*INSTRUCTIONS TO FOLLOW*
Where the records below show the word "thesis" in a line, please copy that line.

:::

(* Let $P=(X,\prec)$ be a finite twin-free poset that is a unit OC interval order. Then $P$ contains none of the following six posets as an induced subposet: $\mathbf{4}+\mathbf{1}$, $\mathbf{3}+\mathbf{1}+\mathbf{1}$, $Z$, $D$, $Y$, and the dual of $Y$.
   Context: Posets $P=(X,\prec)$ are strict (irreflexive) partial orders; $x\parallel y$ means $x,y$ are incomparable. An induced subposet is a subset of $X$ with the restricted order. Two points are twins if they have exactly the same comparabilities (same set of elements below and same set of elements above); $P$ is twin-free if it has no two distinct twins. An OC interval representation of $P$ assigns to each $x\in X$ a real interval $I(x)$ that is either open or closed, such that $x\prec y$ if and only if every point of $I(x)$ is less than every point of $I(y)$. $P$ is a unit OC interval order if it has an OC interval representation in which all intervals have the same length. The posets (all pairs not listed as comparable, nor implied by transitivity, are incomparable): $\mathbf{4}+\mathbf{1}$ has elements $a,b,c,d,x$ with $a\prec b\prec c\prec d$ and $x$ incomparable to all. $\mathbf{3}+\mathbf{1}+\mathbf{1}$ has elements $a,b,c,x,y$ with $a\prec b\prec c$ and $x,y$ incomparable to everything. $Z$ has elements $a,b,c,d,x,y$ with $a\prec b\prec c\prec d$, $x\prec d$, $a\prec y$. $D$ has elements $a,b,c,d,x$ with $a\prec b\prec d$, $a\prec c\prec d$. $Y$ has elements $a,b,c,d,x$ with $a\prec d\prec b$ and $a\prec d\prec c$. The dual of a poset is obtained by reversing all comparabilities. *)

theory Defs
  imports Complex_Main
begin

definition strict_poset :: "'a set \<Rightarrow> ('a \<Rightarrow> 'a \<Rightarrow> bool) \<Rightarrow> bool" where
  "strict_poset X lt \<longleftrightarrow>
     (\<forall>x\<in>X. \<not> lt x x) \<and>
     (\<forall>x\<in>X. \<forall>y\<in>X. \<forall>z\<in>X. lt x y \<longrightarrow> lt y z \<longrightarrow> lt x z)"

definition twins :: "'a set \<Rightarrow> ('a \<Rightarrow> 'a \<Rightarrow> bool) \<Rightarrow> 'a \<Rightarrow> 'a \<Rightarrow> bool" where
  "twins X lt x y \<longleftrightarrow> (\<forall>z\<in>X. (lt z x \<longleftrightarrow> lt z y) \<and> (lt x z \<longleftrightarrow> lt y z))"

definition twin_free :: "'a set \<Rightarrow> ('a \<Rightarrow> 'a \<Rightarrow> bool) \<Rightarrow> bool" where
  "twin_free X lt \<longleftrightarrow> (\<forall>x\<in>X. \<forall>y\<in>X. x \<noteq> y \<longrightarrow> \<not> twins X lt x y)"

text \<open>An OC interval is encoded as (left endpoint, right endpoint, closed?).
  A closed interval [l,r] requires l \<le> r; an open interval (l,r) requires l < r
  (so that intervals are nonempty).\<close>

type_synonym ocint = "real \<times> real \<times> bool"

definition valid_ocint :: "ocint \<Rightarrow> bool" where
  "valid_ocint I = (case I of (l, r, cl) \<Rightarrow> if cl then l \<le> r else l < r)"

definition ocint_set :: "ocint \<Rightarrow> real set" where
  "ocint_set I = (case I of (l, r, cl) \<Rightarrow> if cl then {l..r} else {l<..<r})"

definition ocint_length :: "ocint \<Rightarrow> real" where
  "ocint_length I = (case I of (l, r, _) \<Rightarrow> r - l)"

definition OC_representation :: "'a set \<Rightarrow> ('a \<Rightarrow> 'a \<Rightarrow> bool) \<Rightarrow> ('a \<Rightarrow> ocint) \<Rightarrow> bool" where
  "OC_representation X lt I \<longleftrightarrow>
     (\<forall>x\<in>X. valid_ocint (I x)) \<and>
     (\<forall>x\<in>X. \<forall>y\<in>X. lt x y \<longleftrightarrow> (\<forall>p\<in>ocint_set (I x). \<forall>q\<in>ocint_set (I y). p < q))"

definition unit_OC_interval_order :: "'a set \<Rightarrow> ('a \<Rightarrow> 'a \<Rightarrow> bool) \<Rightarrow> bool" where
  "unit_OC_interval_order X lt \<longleftrightarrow>
     (\<exists>I L. OC_representation X lt I \<and> (\<forall>x\<in>X. ocint_length (I x) = L))"

definition contains_induced :: "'a set \<Rightarrow> ('a \<Rightarrow> 'a \<Rightarrow> bool) \<Rightarrow> 'b set \<Rightarrow> ('b \<Rightarrow> 'b \<Rightarrow> bool) \<Rightarrow> bool" where
  "contains_induced X ltP Y ltQ \<longleftrightarrow>
     (\<exists>f. inj_on f Y \<and> f ` Y \<subseteq> X \<and> (\<forall>u\<in>Y. \<forall>v\<in>Y. ltQ u v \<longleftrightarrow> ltP (f u) (f v)))"

datatype pt = pa | pb | pc | pd | px | py

definition four_plus_one_set :: "pt set" where "four_plus_one_set = {pa, pb, pc, pd, px}"
definition four_plus_one :: "pt \<Rightarrow> pt \<Rightarrow> bool" where
  "four_plus_one u v \<longleftrightarrow> (u, v) \<in> {(pa,pb),(pa,pc),(pa,pd),(pb,pc),(pb,pd),(pc,pd)}"

definition three_one_one_set :: "pt set" where "three_one_one_set = {pa, pb, pc, px, py}"
definition three_one_one :: "pt \<Rightarrow> pt \<Rightarrow> bool" where
  "three_one_one u v \<longleftrightarrow> (u, v) \<in> {(pa,pb),(pa,pc),(pb,pc)}"

definition Z_set :: "pt set" where "Z_set = {pa, pb, pc, pd, px, py}"
definition Z_rel :: "pt \<Rightarrow> pt \<Rightarrow> bool" where
  "Z_rel u v \<longleftrightarrow> (u, v) \<in> {(pa,pb),(pa,pc),(pa,pd),(pb,pc),(pb,pd),(pc,pd),(px,pd),(pa,py)}"

definition D_set :: "pt set" where "D_set = {pa, pb, pc, pd, px}"
definition D_rel :: "pt \<Rightarrow> pt \<Rightarrow> bool" where
  "D_rel u v \<longleftrightarrow> (u, v) \<in> {(pa,pb),(pa,pc),(pa,pd),(pb,pd),(pc,pd)}"

definition Y_set :: "pt set" where "Y_set = {pa, pb, pc, pd, px}"
definition Y_rel :: "pt \<Rightarrow> pt \<Rightarrow> bool" where
  "Y_rel u v \<longleftrightarrow> (u, v) \<in> {(pa,pd),(pa,pb),(pa,pc),(pd,pb),(pd,pc)}"

definition Y_dual_rel :: "pt \<Rightarrow> pt \<Rightarrow> bool" where
  "Y_dual_rel u v \<longleftrightarrow> Y_rel v u"

end

theory Submission imports Defs begin

text \<open>In a twin-free poset distinct elements get distinct intervals, and this
  survives passing to an induced subposet. A unit interval is determined by its left
  endpoint l and whether it is closed, and one unit interval lies entirely before another
  exactly when l1 + L < l2, or l1 + L = l2 and not both are closed. Each of the six
  posets then admits no injective assignment of such endpoint data: the order relations
  and incomparabilities give an infeasible system of linear constraints on the l's.\<close>

definition ocint_left :: "ocint \<Rightarrow> real" where
  "ocint_left I = fst I"

definition ocint_closed :: "ocint \<Rightarrow> bool" where
  "ocint_closed I = snd (snd I)"

definition unit_precedes :: "real \<Rightarrow> real \<times> bool \<Rightarrow> real \<times> bool \<Rightarrow> bool" where
  "unit_precedes L p q \<longleftrightarrow>
     fst p + L < fst q \<or> (fst p + L = fst q \<and> \<not> (snd p \<and> snd q))"

definition distinct_unit_OC_representable :: "'b set \<Rightarrow> ('b \<Rightarrow> 'b \<Rightarrow> bool) \<Rightarrow> bool" where
  "distinct_unit_OC_representable S R \<longleftrightarrow>
     (\<exists>J L. OC_representation S R J \<and> inj_on J S \<and> (\<forall>u\<in>S. ocint_length (J u) = L))"

definition unit_endpoint_model ::
    "real \<Rightarrow> 'b set \<Rightarrow> ('b \<Rightarrow> 'b \<Rightarrow> bool) \<Rightarrow> ('b \<Rightarrow> real) \<Rightarrow> ('b \<Rightarrow> bool) \<Rightarrow> bool" where
  "unit_endpoint_model L S R lo cl \<longleftrightarrow>
     (\<forall>u\<in>S. 0 \<le> L \<and> (cl u \<or> 0 < L)) \<and>
     (\<forall>u\<in>S. \<forall>v\<in>S. u \<noteq> v \<longrightarrow> lo u \<noteq> lo v \<or> cl u \<noteq> cl v) \<and>
     (\<forall>u\<in>S. \<forall>v\<in>S. R u v \<longleftrightarrow> unit_precedes L (lo u, cl u) (lo v, cl v))"

lemma ocint_less_iff:
  assumes v1: "valid_ocint (l1, r1, c1)" and v2: "valid_ocint (l2, r2, c2)"
  shows "(\<forall>p\<in>ocint_set (l1, r1, c1). \<forall>q\<in>ocint_set (l2, r2, c2). p < q)
         \<longleftrightarrow> r1 < l2 \<or> (r1 = l2 \<and> \<not> (c1 \<and> c2))"
proof
  assume "r1 < l2 \<or> (r1 = l2 \<and> \<not> (c1 \<and> c2))"
  then show "\<forall>p\<in>ocint_set (l1, r1, c1). \<forall>q\<in>ocint_set (l2, r2, c2). p < q"
    by (cases c1; cases c2; auto simp: ocint_set_def)
next
  assume less: "\<forall>p\<in>ocint_set (l1, r1, c1). \<forall>q\<in>ocint_set (l2, r2, c2). p < q"
  show "r1 < l2 \<or> (r1 = l2 \<and> \<not> (c1 \<and> c2))"
  proof (rule ccontr)
    assume overlap: "\<not> (r1 < l2 \<or> (r1 = l2 \<and> \<not> (c1 \<and> c2)))"
    define p where "p = (if c1 then r1 else (max l1 l2 + r1) / 2)"
    have p: "p \<in> ocint_set (l1, r1, c1)" "l2 \<le> p" "l2 < p \<or> (c1 \<and> c2 \<and> p = l2)"
      using v1 overlap by (auto simp: p_def ocint_set_def valid_ocint_def split: if_splits)
    define q where "q = (if c2 then l2 else (l2 + min r2 p) / 2)"
    have q: "q \<in> ocint_set (l2, r2, c2)" "q \<le> p"
      using v2 p(2,3) by (auto simp: q_def ocint_set_def valid_ocint_def split: if_splits)
    show False
      using less p(1) q by force
  qed
qed

lemma ocint_eq_unit:
  assumes "ocint_length J = L"
  shows "J = (ocint_left J, ocint_left J + L, ocint_closed J)"
  using assms by (cases J) (simp add: ocint_length_def ocint_left_def ocint_closed_def)

lemma unit_OC_representation_less_iff:
  assumes rep: "OC_representation X lt I" and len: "\<forall>x\<in>X. ocint_length (I x) = L"
    and x: "x \<in> X" and y: "y \<in> X"
  shows "lt x y \<longleftrightarrow> unit_precedes L (ocint_left (I x), ocint_closed (I x))
                                      (ocint_left (I y), ocint_closed (I y))"
proof -
  define lx cx ly cy
    where "lx = ocint_left (I x)" and "cx = ocint_closed (I x)"
      and "ly = ocint_left (I y)" and "cy = ocint_closed (I y)"
  have Ix: "I x = (lx, lx + L, cx)" and Iy: "I y = (ly, ly + L, cy)"
    using ocint_eq_unit len x y unfolding lx_def cx_def ly_def cy_def by blast+
  have "valid_ocint (lx, lx + L, cx)" "valid_ocint (ly, ly + L, cy)"
    using rep x y Ix Iy by (metis OC_representation_def)+
  moreover have "lt x y \<longleftrightarrow>
      (\<forall>p\<in>ocint_set (lx, lx + L, cx). \<forall>q\<in>ocint_set (ly, ly + L, cy). p < q)"
    using rep x y Ix Iy by (simp add: OC_representation_def)
  ultimately show ?thesis
    using ocint_less_iff by (simp add: unit_precedes_def lx_def cx_def ly_def cy_def)
qed

lemma twin_free_OC_representation_inj:
  assumes "OC_representation X lt I" and "twin_free X lt"
  shows "inj_on I X"
proof (rule inj_onI, rule ccontr)
  fix x y assume xy: "x \<in> X" "y \<in> X" "I x = I y" "x \<noteq> y"
  then have "twins X lt x y"
    using assms(1) by (simp add: twins_def OC_representation_def)
  with assms(2) xy show False
    by (simp add: twin_free_def)
qed

lemma contains_induced_distinct_unit_OC_representable:
  assumes "twin_free X lt" and "unit_OC_interval_order X lt"
    and "contains_induced X lt S R"
  shows "distinct_unit_OC_representable S R"
proof -
  obtain I L where rep: "OC_representation X lt I" and len: "\<forall>x\<in>X. ocint_length (I x) = L"
    using assms(2) unfolding unit_OC_interval_order_def by blast
  obtain f where f: "inj_on f S" "f ` S \<subseteq> X" "\<forall>u\<in>S. \<forall>v\<in>S. R u v \<longleftrightarrow> lt (f u) (f v)"
    using assms(3) unfolding contains_induced_def by blast
  have "inj_on (I \<circ> f) S"
    using twin_free_OC_representation_inj[OF rep assms(1)] f(1,2)
    by (simp add: comp_inj_on inj_on_subset)
  moreover have "OC_representation S R (I \<circ> f)"
    using rep f(2,3) unfolding OC_representation_def by (simp add: image_subset_iff)
  moreover have "\<forall>u\<in>S. ocint_length ((I \<circ> f) u) = L"
    using len f(2) by auto
  ultimately show ?thesis
    unfolding distinct_unit_OC_representable_def by blast
qed

lemma distinct_unit_OC_representable_endpoint_model:
  assumes "distinct_unit_OC_representable S R"
  shows "\<exists>L lo cl. unit_endpoint_model L S R lo cl"
proof -
  obtain J L where rep: "OC_representation S R J" and inj: "inj_on J S"
    and len: "\<forall>u\<in>S. ocint_length (J u) = L"
    using assms unfolding distinct_unit_OC_representable_def by blast
  define lo where "lo u = ocint_left (J u)" for u
  define cl where "cl u = ocint_closed (J u)" for u
  have shape: "J u = (lo u, lo u + L, cl u)" if "u \<in> S" for u
    using ocint_eq_unit len that unfolding lo_def cl_def by blast
  have nonneg: "0 \<le> L \<and> (cl u \<or> 0 < L)" if "u \<in> S" for u
  proof -
    have "valid_ocint (lo u, lo u + L, cl u)"
      using rep that shape[OF that] by (metis OC_representation_def)
    then show ?thesis
      by (cases "cl u") (simp_all add: valid_ocint_def)
  qed
  have distinct: "lo u \<noteq> lo v \<or> cl u \<noteq> cl v" if "u \<in> S" "v \<in> S" "u \<noteq> v" for u v
  proof (rule ccontr)
    assume "\<not> (lo u \<noteq> lo v \<or> cl u \<noteq> cl v)"
    then have "J u = J v"
      using shape that(1,2) by simp
    with inj that show False
      by (simp add: inj_on_eq_iff)
  qed
  have precedes: "R u v \<longleftrightarrow> unit_precedes L (lo u, cl u) (lo v, cl v)"
    if "u \<in> S" "v \<in> S" for u v
    using unit_OC_representation_less_iff[OF rep len that] by (simp add: lo_def cl_def)
  have "unit_endpoint_model L S R lo cl"
    unfolding unit_endpoint_model_def using nonneg distinct precedes by blast
  then show ?thesis
    by blast
qed

lemma contains_induced_unit_endpoint_model:
  assumes "twin_free X lt" and "unit_OC_interval_order X lt"
    and "contains_induced X lt S R"
  shows "\<exists>L lo cl. unit_endpoint_model L S R lo cl"
  using assms contains_induced_distinct_unit_OC_representable
    distinct_unit_OC_representable_endpoint_model by blast

lemma four_plus_one_no_unit_endpoint_model: "\<not> unit_endpoint_model L four_plus_one_set four_plus_one lo cl"
  unfolding unit_endpoint_model_def unit_precedes_def four_plus_one_set_def four_plus_one_def
  by simp (smt (verit))

lemma three_one_one_no_unit_endpoint_model: "\<not> unit_endpoint_model L three_one_one_set three_one_one lo cl"
  unfolding unit_endpoint_model_def unit_precedes_def three_one_one_set_def three_one_one_def
  by simp (smt (verit))

lemma Z_no_unit_endpoint_model: "\<not> unit_endpoint_model L Z_set Z_rel lo cl"
  unfolding unit_endpoint_model_def unit_precedes_def Z_set_def Z_rel_def
  by simp (smt (verit))

lemma D_no_unit_endpoint_model: "\<not> unit_endpoint_model L D_set D_rel lo cl"
  unfolding unit_endpoint_model_def unit_precedes_def D_set_def D_rel_def
  by simp (smt (verit))

lemma Y_no_unit_endpoint_model: "\<not> unit_endpoint_model L Y_set Y_rel lo cl"
  unfolding unit_endpoint_model_def unit_precedes_def Y_set_def Y_rel_def
  by simp (smt (verit))

lemma Y_dual_no_unit_endpoint_model: "\<not> unit_endpoint_model L Y_set Y_dual_rel lo cl"
  unfolding unit_endpoint_model_def unit_precedes_def Y_set_def Y_dual_rel_def Y_rel_def
  by simp (smt (verit))

theorem proposition5:
  fixes X :: "'a set" and lt :: "'a \<Rightarrow> 'a \<Rightarrow> bool"
  assumes "finite X"
    and "strict_poset X lt"
    and "twin_free X lt"
    and "unit_OC_interval_order X lt"
  shows "\<not> contains_induced X lt four_plus_one_set four_plus_one
       \<and> \<not> contains_induced X lt three_one_one_set three_one_one
       \<and> \<not> contains_induced X lt Z_set Z_rel
       \<and> \<not> contains_induced X lt D_set D_rel
       \<and> \<not> contains_induced X lt Y_set Y_rel
       \<and> \<not> contains_induced X lt Y_set Y_dual_rel"
  using contains_induced_unit_endpoint_model[OF assms(3,4)]
    four_plus_one_no_unit_endpoint_model three_one_one_no_unit_endpoint_model
    Z_no_unit_endpoint_model D_no_unit_endpoint_model
    Y_no_unit_endpoint_model Y_dual_no_unit_endpoint_model
  by blast

end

:::

*SOLUTION FOR THIS PROBLEM*
  ultimately show ?thesis
  ultimately show ?thesis
    then show ?thesis
  then show ?thesis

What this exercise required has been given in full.